I currently view most bug bounty hunting a bit like this - https://www.corsix.org/content/malicious-luajit-bytecode - so any suggestions about where to get started would be interesting. I'm not talking about "this is what XSS is", I'm talking megalists of recent compromises with annotated source code, that sort of thing. That would be both engaging, mentally challenging, and highly educational.
(As an aside, there was that one time I accidentally crashed Uppsala University's PDP-11/70 a few months ago (the logout program may have stepped on some kernel data structures :D), but that was kind of a fluke.)
I've gotten bug bounties from Facebook/Google/Firefox by applying fuzzing to open source projects, using AFL/Libfuzzer. I'd say that fuzzing open source projects are a good, easy way to start security research since its relatively low barrier to entry and can pay good dividends.

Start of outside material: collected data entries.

(* If $\mathcal{T}^{\mathrm{Exp}(\mu)}\geq_{\mathrm{st}}\mathcal{T}$ for all $\mu\in(0,\infty)$, then $\overline{F}(0)=1$.
   Context: Standing assumptions: $\mathcal{T}$ is a probability law on the Borel sets of $[0,\infty]$ with $\mathcal{T}((0,\infty])>0$ and $\inf\mathrm{supp}(\mathcal{T})=0$; $\overline{F}(t):=\mathcal{T}((t,\infty])$. For $\mu>0$: let $(T_k)$ be i.i.d. with law $\mathcal{T}$ and $(R_k)$ an independent i.i.d. sequence of exponential random variables with mean $\mu^{-1}$; $\mathcal{T}^{\mathrm{Exp}(\mu)}$ is the law of $\tilde T$ defined a.s. by $\tilde T=R_1+\cdots+R_{k-1}+T_k$ on $\{R_1<T_1,\ldots,R_{k-1}<T_{k-1},T_k\leq R_k\}$, $k\in\mathbb{N}$. $\mathcal{A}\geq_{\mathrm{st}}\mathcal{B}$ means $\mathcal{A}((t,\infty])\geq\mathcal{B}((t,\infty])$ for all $t\in[0,\infty)$. *)

theory Defs
  imports "HOL-Probability.Probability"
begin

definition Fbar :: "ennreal measure \<Rightarrow> ennreal \<Rightarrow> real" where
  "Fbar T t = measure T {t<..}"

definition measure_support :: "ennreal measure \<Rightarrow> ennreal set" where
  "measure_support T = {x. \<forall>U. open U \<longrightarrow> x \<in> U \<longrightarrow> 0 < emeasure T U}"

definition stoch_ge :: "ennreal measure \<Rightarrow> ennreal measure \<Rightarrow> bool" where
  "stoch_ge A B \<longleftrightarrow> (\<forall>t::ennreal. t < \<infinity> \<longrightarrow> measure B {t<..} \<le> measure A {t<..})"

text \<open>Canonical probability space for the i.i.d. pairs (T_k, R_k), k = 0,1,2,...:
  T_k with law T, R_k exponential with rate \<mu> (mean 1/\<mu>), all independent.\<close>
definition exp_space :: "ennreal measure \<Rightarrow> real \<Rightarrow> (nat \<Rightarrow> ennreal \<times> real) measure" where
  "exp_space T \<mu> = PiM UNIV (\<lambda>_::nat. T \<Otimes>\<^sub>M density lborel (\<lambda>x. ennreal (exponential_density \<mu> x)))"

text \<open>Ttilde = R_0 + ... + R_{k-1} + T_k where k is the first index with T_k \<le> R_k
  (0-based indexing). On the null event that no such k exists we put \<infinity>.\<close>
definition exp_Ttilde :: "(nat \<Rightarrow> ennreal \<times> real) \<Rightarrow> ennreal" where
  "exp_Ttilde \<omega> =
     (if \<exists>k. fst (\<omega> k) \<le> ennreal (snd (\<omega> k))
      then (let k = (LEAST k. fst (\<omega> k) \<le> ennreal (snd (\<omega> k)))
            in ennreal (\<Sum>i<k. snd (\<omega> i)) + fst (\<omega> k))
      else \<infinity>)"

definition exp_mix :: "ennreal measure \<Rightarrow> real \<Rightarrow> ennreal measure" where
  "exp_mix T \<mu> = distr (exp_space T \<mu>) borel exp_Ttilde"

end

theory Submission
  imports Defs
begin

text \<open>Suppose \<open>T\<close> has an atom of mass \<open>p > 0\<close> at \<open>0\<close>. Except with probability \<open>(1 - p)^n\<close> some
  \<open>T_j\<close> with \<open>j < n\<close> vanishes; then the stopping index is at most \<open>j\<close>, and \<open>T~\<close> is bounded by the sum
  of at most \<open>n\<close> clocks \<open>R_i\<close>, each of which exceeds \<open>t / n\<close> only with probability \<open>exp (- \<mu> t / n)\<close>.
  Thus the tail of \<open>T^Exp(\<mu>)\<close> beyond \<open>t\<close> is at most \<open>(1 - p)^n + n exp (- \<mu> t / n)\<close>, which for large
  \<open>n\<close> and then large \<open>\<mu>\<close> drops below \<open>T((t,\<infinity>]) > 0\<close>, contradicting stochastic dominance.\<close>

lemma emeasure_distr_le:
  "emeasure (distr M N f) A \<le> emeasure M (f -` A \<inter> space M)"
  unfolding distr_def emeasure_measure_of_conv by auto

lemma emeasure_exponential_greaterThan:
  assumes "0 < \<mu>" "0 \<le> s"
  shows "emeasure (density lborel (\<lambda>x. ennreal (exponential_density \<mu> x))) {s<..}
           = ennreal (exp (- s * \<mu>))"
proof -
  let ?E = "density lborel (\<lambda>x. ennreal (exponential_density \<mu> x))"
  interpret E: prob_space ?E using prob_space_exponential_density[OF assms(1)] .
  have "distributed ?E lborel (\<lambda>x. x) (exponential_density \<mu>)"
    by (auto simp: distributed_def distr_id2)
  from E.exponential_distributedD_gt[OF this assms(2,1)]
  show ?thesis by (simp add: E.emeasure_eq_measure greaterThan_def)
qed

lemma
  fixes Q :: "'a measure"
  assumes Q: "prob_space Q" "space Q = UNIV" and J: "finite J"
    and A: "\<And>j. j \<in> J \<Longrightarrow> A j \<in> sets Q"
  shows sets_PiM_cylinder: "{\<omega>. \<forall>j\<in>J. \<omega> j \<in> A j} \<in> sets (PiM UNIV (\<lambda>_::'i. Q))"
    and emeasure_PiM_cylinder:
      "emeasure (PiM UNIV (\<lambda>_::'i. Q)) {\<omega>. \<forall>j\<in>J. \<omega> j \<in> A j} = (\<Prod>j\<in>J. emeasure Q (A j))"
proof -
  have cyl: "{\<omega>. \<forall>j\<in>J. \<omega> j \<in> A j} = prod_emb UNIV (\<lambda>_. Q) J (PiE J A)"
    by (auto simp: prod_emb_def Q(2) PiE_iff)
  show "{\<omega>. \<forall>j\<in>J. \<omega> j \<in> A j} \<in> sets (PiM UNIV (\<lambda>_::'i. Q))"
    unfolding cyl using J A by (intro sets_PiM_I) auto
  show "emeasure (PiM UNIV (\<lambda>_::'i. Q)) {\<omega>. \<forall>j\<in>J. \<omega> j \<in> A j} = (\<Prod>j\<in>J. emeasure Q (A j))"
    unfolding cyl using Q J A by (intro emeasure_PiM_emb) auto
qed

lemma
  assumes T: "prob_space T" "sets T = sets borel" and \<mu>: "0 < \<mu>"
    and J: "finite J" and A: "\<And>j. j \<in> J \<Longrightarrow> A j \<in> sets (borel \<Otimes>\<^sub>M borel)"
  shows sets_exp_space_cylinder: "{\<omega>. \<forall>j\<in>J. \<omega> j \<in> A j} \<in> sets (exp_space T \<mu>)"
    and emeasure_exp_space_cylinder: "emeasure (exp_space T \<mu>) {\<omega>. \<forall>j\<in>J. \<omega> j \<in> A j}
      = (\<Prod>j\<in>J. emeasure (T \<Otimes>\<^sub>M density lborel (\<lambda>x. ennreal (exponential_density \<mu> x))) (A j))"
proof -
  let ?Q = "T \<Otimes>\<^sub>M density lborel (\<lambda>x. ennreal (exponential_density \<mu> x))"
  have Q: "prob_space ?Q"
    by (intro prob_space_pair T prob_space_exponential_density \<mu>)
  have space_Q: "space ?Q = UNIV"
    using sets_eq_imp_space_eq[OF T(2)] by (simp add: space_pair_measure)
  have "sets ?Q = sets (borel \<Otimes>\<^sub>M borel)"
    by (intro sets_pair_measure_cong T(2)) simp
  with A have A_Q: "\<And>j. j \<in> J \<Longrightarrow> A j \<in> sets ?Q"
    by blast
  show "{\<omega>. \<forall>j\<in>J. \<omega> j \<in> A j} \<in> sets (exp_space T \<mu>)"
    unfolding exp_space_def by (rule sets_PiM_cylinder[OF Q space_Q J A_Q])
  show "emeasure (exp_space T \<mu>) {\<omega>. \<forall>j\<in>J. \<omega> j \<in> A j} = (\<Prod>j\<in>J. emeasure ?Q (A j))"
    unfolding exp_space_def by (rule emeasure_PiM_cylinder[OF Q space_Q J A_Q])
qed

lemma exp_Ttilde_le_if_zero_and_short_clocks:
  fixes s :: real
  assumes zero: "fst (\<omega> j) = 0" and short: "\<And>i. i \<le> j \<Longrightarrow> snd (\<omega> i) \<le> s" and "0 \<le> s"
  shows "exp_Ttilde \<omega> \<le> ennreal (Suc j * s)"
proof -
  let ?stop = "\<lambda>k. fst (\<omega> k) \<le> ennreal (snd (\<omega> k))"
  define K where "K = (LEAST k. ?stop k)"
  have stop_j: "?stop j" using zero by simp
  have stop_K: "?stop K" unfolding K_def by (rule LeastI[of ?stop, OF stop_j])
  have "K \<le> j" unfolding K_def by (rule Least_le[of ?stop, OF stop_j])
  have "exp_Ttilde \<omega> = ennreal (\<Sum>i<K. snd (\<omega> i)) + fst (\<omega> K)"
    using stop_j unfolding exp_Ttilde_def K_def Let_def by (simp only: if_P exI)
  also have "\<dots> \<le> ennreal (\<Sum>i<K. s) + ennreal s"
  proof (rule add_mono)
    show "ennreal (\<Sum>i<K. snd (\<omega> i)) \<le> ennreal (\<Sum>i<K. s)"
      using \<open>K \<le> j\<close> short by (intro ennreal_leI sum_mono) simp
    show "fst (\<omega> K) \<le> ennreal s"
      using \<open>K \<le> j\<close> short by (intro order_trans[OF stop_K] ennreal_leI) simp
  qed
  also have "\<dots> = ennreal (Suc K * s)"
    using \<open>0 \<le> s\<close> by (simp add: ennreal_plus distrib_right)
  also have "\<dots> \<le> ennreal (Suc j * s)"
    using \<open>K \<le> j\<close> \<open>0 \<le> s\<close> by (intro ennreal_leI mult_right_mono) simp_all
  finally show ?thesis .
qed

lemma emeasure_exp_mix_greaterThan_le:
  fixes t :: real and n :: nat
  assumes T: "prob_space T" "sets T = sets borel" and \<mu>: "0 < \<mu>" and "0 \<le> t" "0 < n"
  shows "emeasure (exp_mix T \<mu>) {ennreal t<..}
           \<le> emeasure T (-{0}) ^ n + of_nat n * ennreal (exp (- (t / n) * \<mu>))"
proof -
  let ?P = "exp_space T \<mu>"
  let ?E = "density lborel (\<lambda>x. ennreal (exponential_density \<mu> x))"
  interpret T: prob_space T by (rule T(1))
  interpret E: prob_space ?E by (rule prob_space_exponential_density[OF \<mu>])
  define no_zero :: "(nat \<Rightarrow> ennreal \<times> real) set" where "no_zero = {\<omega>. \<forall>j\<in>{..<n}. \<omega> j \<in> (-{0}) \<times> UNIV}"
  define long :: "nat \<Rightarrow> (nat \<Rightarrow> ennreal \<times> real) set" where "long i = {\<omega>. \<forall>j\<in>{i}. \<omega> j \<in> UNIV \<times> {t / n<..}}" for i
  have sets_no_zero: "no_zero \<in> sets ?P"
    unfolding no_zero_def using T \<mu> by (intro sets_exp_space_cylinder) auto
  have sets_long: "long i \<in> sets ?P" for i
    unfolding long_def by (rule sets_exp_space_cylinder[OF T \<mu>]) auto
  have emeasure_long: "emeasure ?P (long i) = ennreal (exp (- (t / n) * \<mu>))" for i
    unfolding long_def using T \<mu> T.emeasure_space_1 sets_eq_imp_space_eq[OF T(2)] \<open>0 \<le> t\<close>
    by (subst emeasure_exp_space_cylinder)
       (auto simp: E.emeasure_pair_measure_Times emeasure_exponential_greaterThan)
  have covering: "exp_Ttilde -` {ennreal t<..} \<inter> space ?P \<subseteq> no_zero \<union> (\<Union>i<n. long i)"
  proof
    fix \<omega> assume \<omega>: "\<omega> \<in> exp_Ttilde -` {ennreal t<..} \<inter> space ?P"
    show "\<omega> \<in> no_zero \<union> (\<Union>i<n. long i)"
    proof (rule ccontr)
      assume "\<omega> \<notin> no_zero \<union> (\<Union>i<n. long i)"
      then obtain j where "j < n" "fst (\<omega> j) = 0" and short: "\<And>i. i < n \<Longrightarrow> snd (\<omega> i) \<le> t / n"
        unfolding no_zero_def long_def by (auto simp: not_less mem_Times_iff)
      then have "exp_Ttilde \<omega> \<le> ennreal (Suc j * (t / n))"
        using \<open>0 \<le> t\<close> by (intro exp_Ttilde_le_if_zero_and_short_clocks) auto
      also have "\<dots> \<le> ennreal (n * (t / n))"
        using \<open>j < n\<close> \<open>0 \<le> t\<close> by (intro ennreal_leI mult_right_mono) auto
      also have "\<dots> = ennreal t"
        using \<open>0 < n\<close> by simp
      finally show False using \<omega> by auto
    qed
  qed
  have "emeasure (exp_mix T \<mu>) {ennreal t<..} \<le> emeasure ?P (no_zero \<union> (\<Union>i<n. long i))"
    unfolding exp_mix_def using covering sets_no_zero sets_long
    by (intro order_trans[OF emeasure_distr_le] emeasure_mono) auto
  also have "\<dots> \<le> emeasure ?P no_zero + (\<Sum>i<n. emeasure ?P (long i))"
    using sets_no_zero sets_long
    by (intro order_trans[OF emeasure_subadditive] add_left_mono emeasure_subadditive_finite) auto
  also have "emeasure ?P no_zero = emeasure T (-{0}) ^ n"
    unfolding no_zero_def using T \<mu> E.emeasure_space_1
    by (subst emeasure_exp_space_cylinder) (auto simp: E.emeasure_pair_measure_Times)
  also have "(\<Sum>i<n. emeasure ?P (long i)) = of_nat n * ennreal (exp (- (t / n) * \<mu>))"
    using emeasure_long by simp
  finally show ?thesis by simp
qed

lemma measure_exp_mix_greaterThan_le:
  fixes t :: real and n :: nat
  assumes T: "prob_space T" "sets T = sets borel" and "0 < \<mu>" "0 \<le> t" "0 < n"
  shows "measure (exp_mix T \<mu>) {ennreal t<..} \<le> measure T (-{0}) ^ n + n * exp (- (t / n) * \<mu>)"
proof -
  interpret T: prob_space T by (rule T(1))
  have "emeasure T (-{0}) ^ n + of_nat n * ennreal (exp (- (t / n) * \<mu>))
      = ennreal (measure T (-{0}) ^ n + n * exp (- (t / n) * \<mu>))"
    by (simp add: T.emeasure_eq_measure ennreal_power ennreal_of_nat_eq_real_of_nat
        ennreal_mult'' ennreal_plus)
  with emeasure_exp_mix_greaterThan_le[OF assms] show ?thesis
    unfolding measure_def by (intro enn2real_leI) auto
qed

lemma exists_real_greaterThan_emeasure_pos:
  fixes M :: "ennreal measure"
  assumes "sets M = sets borel" and "emeasure M {0<..} \<noteq> 0"
  shows "\<exists>t>0. emeasure M {ennreal t<..} \<noteq> 0"
proof (rule ccontr)
  assume "\<not> ?thesis"
  then have "emeasure M (\<Union>m. {ennreal (1 / Suc m)<..}) = 0"
    using assms(1) by (intro emeasure_UN_eq_0) auto
  moreover have "(\<Union>m. {ennreal (1 / Suc m)<..}) = {0<..}"
  proof (intro antisym subsetI)
    fix x :: ennreal assume "x \<in> {0<..}"
    show "x \<in> (\<Union>m. {ennreal (1 / Suc m)<..})"
    proof (cases x)
      case (real r)
      with \<open>x \<in> {0<..}\<close> have "0 < r" by (auto simp: ennreal_less_iff)
      then obtain m where "inverse (real (Suc m)) < r" using reals_Archimedean by blast
      then show ?thesis using real \<open>0 < r\<close> by (auto simp: ennreal_less_iff inverse_eq_divide)
    qed (auto intro!: exI[of _ 0])
  qed (auto intro: le_less_trans[OF zero_le])
  ultimately show False using assms(2) by simp
qed

lemma exists_geometric_plus_exponential_less:
  fixes q c t :: real
  assumes "0 \<le> q" "q < 1" "0 < c" "0 < t"
  shows "\<exists>n>0. \<exists>\<mu>>0. q ^ n + n * exp (- (t / n) * \<mu>) < c"
proof -
  obtain n0 where "q ^ n0 < c / 2"
    using real_arch_pow_inv[of "c / 2" q] assms by auto
  define n where "n = Suc n0"
  have geometric: "q ^ n < c / 2"
    using power_decreasing[of n0 n q] \<open>q ^ n0 < c / 2\<close> assms unfolding n_def by force
  define s where "s = t / n"
  have "0 < s" unfolding s_def n_def using assms by simp
  define \<mu> where "\<mu> = 2 * n / (c * s) + 1"
  have "0 < \<mu>" unfolding \<mu>_def using \<open>0 < s\<close> assms by (intro add_nonneg_pos) auto
  have "2 * n / c < s * \<mu>" unfolding \<mu>_def using \<open>0 < s\<close> assms by (simp add: field_simps)
  also have "\<dots> < exp (s * \<mu>)" by (rule exp_gt_self)
  finally have "n * exp (- s * \<mu>) < c / 2"
    using assms by (simp add: exp_minus field_simps)
  with geometric \<open>0 < \<mu>\<close> show ?thesis
    unfolding s_def n_def by (intro exI[of _ "Suc n0"] exI[of _ \<mu>]) auto
qed

theorem mainTheorem13:
  fixes T :: "ennreal measure"
  assumes "prob_space T"
    and "sets T = sets borel"
    and "measure T {0<..} > 0"
    and "Inf (measure_support T) = 0"
    and "\<forall>\<mu>::real. \<mu> > 0 \<longrightarrow> stoch_ge (exp_mix T \<mu>) T"
  shows "Fbar T 0 = 1"
proof (rule ccontr)
  assume "Fbar T 0 \<noteq> 1"
  interpret T: prob_space T by (rule assms(1))
  have positive_part: "{0::ennreal<..} = -{0}"
    by (auto simp: zero_less_iff_neq_zero)
  define q where "q = measure T (-{0})"
  have "0 \<le> q" unfolding q_def by simp
  have "q < 1"
    using \<open>Fbar T 0 \<noteq> 1\<close> T.prob_le_1[of "-{0}"] unfolding q_def Fbar_def positive_part
    by linarith
  obtain t :: real where "0 < t" and "emeasure T {ennreal t<..} \<noteq> 0"
    using exists_real_greaterThan_emeasure_pos[OF assms(2)] assms(3)
    by (auto simp: T.emeasure_eq_measure)
  define c where "c = measure T {ennreal t<..}"
  have "0 < c"
    using \<open>emeasure T {ennreal t<..} \<noteq> 0\<close> unfolding c_def
    by (simp add: T.emeasure_eq_measure zero_less_measure_iff)
  then obtain n \<mu> where "0 < n" "0 < \<mu>" and small: "q ^ n + n * exp (- (t / n) * \<mu>) < c"
    using exists_geometric_plus_exponential_less[OF \<open>0 \<le> q\<close> \<open>q < 1\<close> _ \<open>0 < t\<close>] by blast
  have "c \<le> measure (exp_mix T \<mu>) {ennreal t<..}"
    using assms(5) \<open>0 < \<mu>\<close> unfolding stoch_ge_def c_def by auto
  also have "\<dots> \<le> q ^ n + n * exp (- (t / n) * \<mu>)"
    unfolding q_def using assms(1,2) \<open>0 < \<mu>\<close> \<open>0 < t\<close> \<open>0 < n\<close>
    by (intro measure_exp_mix_greaterThan_le) auto
  finally show False using small by simp
qed

end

Anyways, hoping to get a response from someone I can interview for my project! Please drop me a line if you can help. Happy to answer more questions.
Am I student bug bounty hunter? No. I'm a student that sometimes breaks things and tells people when I do.
Really appreciate your help, questions won't take too long!
Seriously though, I started because I wanted to secure my server. So I looked at how other people secure better severs. Sometimes I looked so deep I found errors, normally little things like leaving a default account set up, or leaving FTP wide open.
If you're looking for some generic response like "Just go to http://hunt4.bugs", I don't think one exists.
Here's some resources - https://forum.bugcrowd.com/t/researcher-resources-how-to-bec...
Haven't done much since though.
Really appreciate your help, and no worries if you're busy!